- Directions -
Every line from the beginning of the data through the line containing "using assms(6) by" should be reproduced exactly, and no further lines should be output.

START Information given

lemma cosine_lower_bound:
  fixes c l x \<kappa> :: real
  assumes "0 \<le> c" "l \<noteq> 0" "0 \<le> \<kappa>" "\<kappa> < 1" "\<kappa> * \<bar>l\<bar> \<le> x"
    and "x\<^sup>2 \<le> c\<^sup>2 * l\<^sup>2 + (\<kappa> * \<bar>l\<bar>)\<^sup>2 * (1 - c\<^sup>2)"
  shows "(1 / \<bar>l\<bar>) * sqrt ((x\<^sup>2 - l\<^sup>2 * \<kappa>\<^sup>2) / (1 - \<kappa>\<^sup>2)) \<le> c"
proof -
  have "1 - \<kappa>\<^sup>2 > 0" using assms(3,4) by (simp add: power_less_one_iff abs_if)
  moreover have "x\<^sup>2 - l\<^sup>2 * \<kappa>\<^sup>2 \<le> (c * \<bar>l\<bar>)\<^sup>2 * (1 - \<kappa>\<^sup>2)"
    using assms(6) by (simp add: power_mult_distrib algebra_simps)
  ultimately have "(x\<^sup>2 - l\<^sup>2 * \<kappa>\<^sup>2) / (1 - \<kappa>\<^sup>2) \<le> (c * \<bar>l\<bar>)\<^sup>2"
    by (simp add: divide_le_eq)
  then have "sqrt ((x\<^sup>2 - l\<^sup>2 * \<kappa>\<^sup>2) / (1 - \<kappa>\<^sup>2)) \<le> c * \<bar>l\<bar>"
    using real_sqrt_le_mono assms(1) by fastforce
  with assms(2) show ?thesis by (simp add: divide_le_eq mult.commute)
qed

theorem mainTheorem1:
  fixes A B :: "real^'n^'n" and l1 l2 m1 \<kappa> :: real and vA vB :: "real^'n"
  assumes "symmetric_matrix A" and "symmetric_matrix B"
    and "is_eigenvalue A l1"
    and "\<And>l. is_eigenvalue A l \<Longrightarrow> \<bar>l\<bar> \<le> \<bar>l1\<bar>"
    and "dim (eigenspace A l1) = 1"
    and "is_eigenvalue A l2" and "l2 \<noteq> l1"
    and "\<And>l. is_eigenvalue A l \<Longrightarrow> l \<noteq> l1 \<Longrightarrow> \<bar>l\<bar> \<le> \<bar>l2\<bar>"
    and "is_eigenvalue B m1"
    and "\<And>m. is_eigenvalue B m \<Longrightarrow> \<bar>m\<bar> \<le> \<bar>m1\<bar>"
    and "0 \<le> \<kappa>" and "\<kappa> < 1"
    and "\<bar>l2\<bar> \<le> \<kappa> * \<bar>l1\<bar>"
    and "\<bar>m1\<bar> - spec_norm (A - B) \<ge> \<kappa> * \<bar>l1\<bar>"
    and "norm vA = 1" and "A *v vA = l1 *\<^sub>R vA"
    and "norm vB = 1" and "B *v vB = m1 *\<^sub>R vB"
    and "vA \<bullet> vB \<ge> 0"
  shows "(norm (vA - vB))\<^sup>2 \<le> 2 * (1 - (1 / \<bar>l1\<bar>) *
           sqrt (((\<bar>m1\<bar> - spec_norm (A - B))\<^sup>2 - l1\<^sup>2 * \<kappa>\<^sup>2) / (1 - \<kappa>\<^sup>2)))"
proof -
  have l1: "l1 \<noteq> 0" using assms(4)[OF assms(6)] assms(7) by auto
  have "\<bar>l\<bar> \<le> \<kappa> * \<bar>l1\<bar>" if "y \<in> {x. x \<bullet> vA = 0}" "y \<noteq> 0" "A *v y = l *\<^sub>R y" for y l
    using eigenvalue_ne_on_orthogonal_complement[OF assms(5,16), of y l] that assms(8,13,15)
    unfolding is_eigenvalue_def by fastforce
  then have "norm (A *v w) \<le> \<kappa> * \<bar>l1\<bar> * norm w" if "w \<bullet> vA = 0" for w
    using symmetric_norm_le_on_invariant_subspace[OF assms(1) subspace_hyperplane2]
      symmetric_orthogonal_complement_invariant[OF assms(1,16)] that by blast
  then have "(norm (A *v vB))\<^sup>2 \<le> (vA \<bullet> vB)\<^sup>2 * l1\<^sup>2 + (\<kappa> * \<bar>l1\<bar>)\<^sup>2 * (1 - (vA \<bullet> vB)\<^sup>2)"
    using norm_sq_le_by_orthogonal_decomposition[OF assms(1,16,15,17)] by blast
  moreover have "\<bar>m1\<bar> - spec_norm (A - B) \<le> norm (A *v vB)"
    using abs_eigenvalue_le_norm_plus_spec_norm[OF assms(17,18), of A] by simp
  ultimately have "(\<bar>m1\<bar> - spec_norm (A - B))\<^sup>2 \<le> (vA \<bullet> vB)\<^sup>2 * l1\<^sup>2 + (\<kappa> * \<bar>l1\<bar>)\<^sup>2 * (1 - (vA \<bullet> vB)\<^sup>2)"
    using assms(11,14) by (smt (verit) power_mono mult_nonneg_nonneg abs_ge_zero)
  then have "(1 / \<bar>l1\<bar>) * sqrt (((\<bar>m1\<bar> - spec_norm (A - B))\<^sup>2 - l1\<^sup>2 * \<kappa>\<^sup>2) / (1 - \<kappa>\<^sup>2)) \<le> vA \<bullet> vB"
    using cosine_lower_bound assms(11,12,14,19) l1 by blast
  moreover have "(norm (vA - vB))\<^sup>2 = 2 - 2 * (vA \<bullet> vB)"
    using assms(15,17) by (simp add: dot_norm_neg field_simps)
  ultimately show ?thesis by simp
qed

end
text \<open>Compare column \<open>l\<close> with column \<open>Suc (w a)\<close>, where \<open>u\<close> is below \<open>w\<close> by assumption:
  rows \<open>a+1..k\<close> of \<open>u\<close> count the same in both columns, those of \<open>w\<close> count at least as much
  in column \<open>l\<close>, and row \<open>a\<close> counts in column \<open>l\<close> for \<open>w\<close> but not for \<open>u\<close>.\<close>

lemma rank_matrix_slack:
  assumes agree: "\<And>i. i < a \<Longrightarrow> u i = w i" and a: "1 \<le> a" "a \<le> k"
    and uwa: "u a < w a" and l: "u a < l" "l \<le> w a"
    and gap: "\<And>i. a < i \<Longrightarrow> i \<le> k \<Longrightarrow> \<not> (u a < u i \<and> u i \<le> w a)"
    and le: "rank_matrix u k (Suc (w a)) \<le> rank_matrix w k (Suc (w a))"
  shows "rank_matrix u k l < rank_matrix w k l"
proof -
  define T where "T = (\<lambda>(p :: nat \<Rightarrow> nat) m. \<Sum>i=Suc a..k. if m \<le> p i then 1 else (0::nat))"
  have split: "rank_matrix p k m = rank_matrix p (a - 1) m + (if m \<le> p a then 1 else 0) + T p m"
    for p m
    using rank_matrix_split[OF a(2), of p m] rank_matrix_Suc[of p "a - 1" m] a(1)
    by (simp add: T_def)
  have head: "rank_matrix u (a - 1) m = rank_matrix w (a - 1) m" for m
    using agree a(1) by (intro rank_matrix_cong) auto
  have u_l: "rank_matrix u k l = rank_matrix w (a - 1) l + T u l"
    using split[of u l] head l by simp
  have w_l: "rank_matrix w k l = rank_matrix w (a - 1) l + 1 + T w l"
    using split[of w l] l by simp
  have "T u (Suc (w a)) \<le> T w (Suc (w a))"
    using le split[of u "Suc (w a)"] split[of w "Suc (w a)"] head[of "Suc (w a)"] uwa by simp
  moreover have "T u l = T u (Suc (w a))"
    unfolding T_def
  proof (intro sum.cong refl)
    fix i assume "i \<in> {Suc a..k}"
    then have "\<not> (u a < u i \<and> u i \<le> w a)" using gap by simp
    then show "(if l \<le> u i then 1 else 0) = (if Suc (w a) \<le> u i then 1 else (0::nat))"
      using l by auto
  qed
  moreover have "T w (Suc (w a)) \<le> T w l"
    unfolding T_def using l by (intro sum_mono) auto
  ultimately show ?thesis
    using u_l w_l by linarith
qed

lemma first_difference_below:
  assumes u: "u permutes {1..n}" and w: "w permutes {1..n}" and "u \<noteq> w"
    and le: "\<And>k l. rank_matrix u k l \<le> rank_matrix w k l"
  obtains a where "a \<in> {1..n}" "\<forall>i<a. u i = w i" "u a < w a"
proof
  define a where "a = (LEAST i. u i \<noteq> w i)"
  have "\<exists>i. u i \<noteq> w i" using \<open>u \<noteq> w\<close> by auto
  then have ua: "u a \<noteq> w a"
    unfolding a_def by (rule LeastI_ex)
  show agree: "\<forall>i<a. u i = w i"
    using not_less_Least unfolding a_def by blast
  show a1: "a \<in> {1..n}"
  proof (rule ccontr)
    assume "a \<notin> {1..n}"
    then have "u a = w a" by (simp add: permutes_not_in[OF u] permutes_not_in[OF w])
    with ua show False ..
  qed
  show "u a < w a"
  proof (rule ccontr)
    assume "\<not> u a < w a"
    then have "w a < u a" using ua by simp
    have "rank_matrix p a l = rank_matrix p (a - 1) l + (if l \<le> p a then 1 else 0)" for p l
      using rank_matrix_Suc[of p "a - 1" l] a1 by simp
    moreover have "rank_matrix u (a - 1) l = rank_matrix w (a - 1) l" for l
      using agree a1 by (intro rank_matrix_cong) auto
    ultimately have "rank_matrix u a (u a) > rank_matrix w a (u a)"
      using \<open>w a < u a\<close> by simp
    with le show False by (meson not_le)
  qed
qed

lemma exists_later_preimage:
  fixes u w :: "nat \<Rightarrow> nat"
  assumes u: "u permutes {1..n}" and w: "w permutes {1..n}" and a: "a \<in> {1..n}"
    and agree: "\<forall>i<a. u i = w i" and "u a \<noteq> w a"
  obtains j where "a < j" "j \<in> {1..n}" "u j = w a"
proof -
  from permutes_surj[OF u] obtain j where j: "u j = w a"
    by (metis surjD)
  have "w a \<in> {1..n}" using a by (simp only: permutes_in_image[OF w])
  then have "u j \<in> {1..n}" using j by simp
  then have "j \<in> {1..n}" by (simp only: permutes_in_image[OF u])
  moreover have "a < j"
  proof (rule ccontr)
    assume "\<not> a < j"
    moreover have "j \<noteq> a" using j \<open>u a \<noteq> w a\<close> by auto
    ultimately have "j < a" by simp
    then have "w j = w a" using agree j by simp
    with permutes_inj[OF w] have "j = a" by (rule injD)
    with \<open>j < a\<close> show False by simp
  qed
  ultimately show ?thesis using that j by blast
qed

lemma exists_swap_below:
  assumes u: "u permutes {1..n}" and w: "w permutes {1..n}" and "u \<noteq> w"
    and le: "\<And>k l. rank_matrix u k l \<le> rank_matrix w k l"
  obtains a b where "a < b" "a \<in> {1..n}" "b \<in> {1..n}" "u a < u b"
    "\<And>k l. rank_matrix (u \<circ> Transposition.transpose a b) k l \<le> rank_matrix w k l"
proof -
  obtain a where a1: "a \<in> {1..n}" and agree: "\<forall>i<a. u i = w i" and uwa: "u a < w a"
    by (rule first_difference_below[OF assms])
  obtain j0 where "a < j0" "j0 \<in> {1..n}" "u j0 = w a"
    by (rule exists_later_preimage[OF u w a1 agree]) (use uwa in simp)
  define P where "P = (\<lambda>j. a < j \<and> u a < u j \<and> u j \<le> w a)"
  have "P j0" using \<open>a < j0\<close> \<open>u j0 = w a\<close> uwa by (simp add: P_def)
  define b where "b = (LEAST j. P j)"
  have "P b" "b \<le> j0"
    unfolding b_def using \<open>P j0\<close> by (auto intro: LeastI Least_le)
  then have ab: "a < b" and uab: "u a < u b" and ubw: "u b \<le> w a" and b1: "b \<in> {1..n}"
    using \<open>j0 \<in> {1..n}\<close> a1 by (auto simp: P_def)
  have gap: "\<not> (u a < u i \<and> u i \<le> w a)" if "a < i" "i < b" for i
  proof
    assume "u a < u i \<and> u i \<le> w a"
    then have "P i" using \<open>a < i\<close> by (simp add: P_def)
    then have "b \<le> i" unfolding b_def by (rule Least_le)
    with \<open>i < b\<close> show False by simp
  qed
  show ?thesis
  proof (rule that[OF ab a1 b1 uab])
    fix k l
    show "rank_matrix (u \<circ> Transposition.transpose a b) k l \<le> rank_matrix w k l"
    proof (cases "a \<le> k \<and> k < b \<and> u a < l \<and> l \<le> u b")
      case True
      have gap_k: "\<not> (u a < u i \<and> u i \<le> w a)" if "a < i" "i \<le> k" for i
        using gap that True by simp
      have "rank_matrix u k l < rank_matrix w k l"
        by (rule rank_matrix_slack[OF agree[rule_format] _ _ uwa _ _ gap_k le]) (use True ubw a1 in auto)
      moreover have "rank_matrix (u \<circ> Transposition.transpose a b) k l = rank_matrix u k l + 1"
        using rank_matrix_swap[OF ab _ uab, of k l] a1 True by simp
      ultimately show ?thesis by linarith
    next
      case False
      then have "rank_matrix (u \<circ> Transposition.transpose a b) k l = rank_matrix u k l"
        using rank_matrix_swap[OF ab _ uab, of k l] a1 by simp
      then show ?thesis using le[of k l] by simp
    qed
  qed
qed

definition rank_deficit :: "nat \<Rightarrow> (nat \<Rightarrow> nat) \<Rightarrow> (nat \<Rightarrow> nat) \<Rightarrow> nat" where
  "rank_deficit n w u = (\<Sum>(k, l)\<in>{1..n} \<times> {1..n}. rank_matrix w k l - rank_matrix u k l)"

lemma rank_deficit_less:
  assumes mono: "\<And>k l. rank_matrix u k l \<le> rank_matrix u' k l"
    and below: "\<And>k l. rank_matrix u' k l \<le> rank_matrix w k l"
    and kl: "k \<in> {1..n}" "l \<in> {1..n}" and strict: "rank_matrix u k l < rank_matrix u' k l"
  shows "rank_deficit n w u' < rank_deficit n w u"
  unfolding rank_deficit_def
proof (rule sum_strict_mono_ex1)
  show "\<forall>p\<in>{1..n} \<times> {1..n}. (case p of (k, l) \<Rightarrow> rank_matrix w k l - rank_matrix u' k l)
      \<le> (case p of (k, l) \<Rightarrow> rank_matrix w k l - rank_matrix u k l)"
    using mono by (auto intro: diff_le_mono2)
  have "rank_matrix w k l - rank_matrix u' k l < rank_matrix w k l - rank_matrix u k l"
    using strict below[of k l] by (intro diff_less_mono2) auto
  then show "\<exists>p\<in>{1..n} \<times> {1..n}. (case p of (k, l) \<Rightarrow> rank_matrix w k l - rank_matrix u' k l)
      < (case p of (k, l) \<Rightarrow> rank_matrix w k l - rank_matrix u k l)"
    using kl by force
qed simp

lemma rank_matrix_le_imp_bruhat_step_rtrancl:
  assumes w: "w permutes {1..n}"
  shows "u permutes {1..n} \<Longrightarrow> (\<And>k l. rank_matrix u k l \<le> rank_matrix w k l)
    \<Longrightarrow> (u, w) \<in> (bruhat_step n)\<^sup>*"
proof (induction "rank_deficit n w u" arbitrary: u rule: less_induct)
  case less
  show ?case
  proof (cases "u = w")
    case True
    then show ?thesis by simp
  next
    case False
    obtain a b where ab: "a < b" "a \<in> {1..n}" "b \<in> {1..n}" "u a < u b"
      and below: "\<And>k l. rank_matrix (u \<circ> Transposition.transpose a b) k l \<le> rank_matrix w k l"
      using exists_swap_below[OF less.prems(1) w False less.prems(2)] by blast
    define u' where "u' = u \<circ> Transposition.transpose a b"
    have swap: "rank_matrix u' k l
        = rank_matrix u k l + (if a \<le> k \<and> k < b \<and> u a < l \<and> l \<le> u b then 1 else 0)" for k l
      unfolding u'_def using ab by (intro rank_matrix_swap) auto
    have "inv_count n u < inv_count n u'"
      unfolding u'_def using ab by (rule inv_count_less_swap)
    then have "(u, u') \<in> bruhat_step n"
      unfolding bruhat_step_def u'_def using ab less_imp_neq by blast
    moreover have "(u', w) \<in> (bruhat_step n)\<^sup>*"
    proof (rule less.hyps)
      show "u' permutes {1..n}"
        unfolding u'_def using ab less.prems(1) by (intro permutes_compose permutes_swap_id) auto
      show "rank_matrix u' k l \<le> rank_matrix w k l" for k l
        using below unfolding u'_def .
      have "u b \<in> {1..n}" using ab(3) by (simp only: permutes_in_image[OF less.prems(1)])
      then show "rank_deficit n w u' < rank_deficit n w u"
        using ab swap \<open>\<And>k l. rank_matrix u' k l \<le> rank_matrix w k l\<close>
        by (intro rank_deficit_less[where k = a and l = "Suc (u a)"]) auto
    qed
    ultimately show ?thesis by (rule converse_rtrancl_into_rtrancl)
  qed
qed

theorem bruhat_le_iff_rank_matrix_le:
  assumes "u permutes {1..n}" "w permutes {1..n}"
  shows "bruhat_le n u w \<longleftrightarrow> (\<forall>k l. rank_matrix u k l \<le> rank_matrix w k l)"
  using assms bruhat_le_imp_rank_matrix_le rank_matrix_le_imp_bruhat_step_rtrancl
  unfolding bruhat_le_def by blast

lemma rank_matrix_id: "rank_matrix id k l = k - (l - 1)"
  by (induction k) (auto simp: rank_matrix_Suc)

END Information given

- Answer to the exercise -
lemma cosine_lower_bound:
  fixes c l x \<kappa> :: real
  assumes "0 \<le> c" "l \<noteq> 0" "0 \<le> \<kappa>" "\<kappa> < 1" "\<kappa> * \<bar>l\<bar> \<le> x"
    and "x\<^sup>2 \<le> c\<^sup>2 * l\<^sup>2 + (\<kappa> * \<bar>l\<bar>)\<^sup>2 * (1 - c\<^sup>2)"
  shows "(1 / \<bar>l\<bar>) * sqrt ((x\<^sup>2 - l\<^sup>2 * \<kappa>\<^sup>2) / (1 - \<kappa>\<^sup>2)) \<le> c"
proof -
  have "1 - \<kappa>\<^sup>2 > 0" using assms(3,4) by (simp add: power_less_one_iff abs_if)
  moreover have "x\<^sup>2 - l\<^sup>2 * \<kappa>\<^sup>2 \<le> (c * \<bar>l\<bar>)\<^sup>2 * (1 - \<kappa>\<^sup>2)"
    using assms(6) by (simp add: power_mult_distrib algebra_simps)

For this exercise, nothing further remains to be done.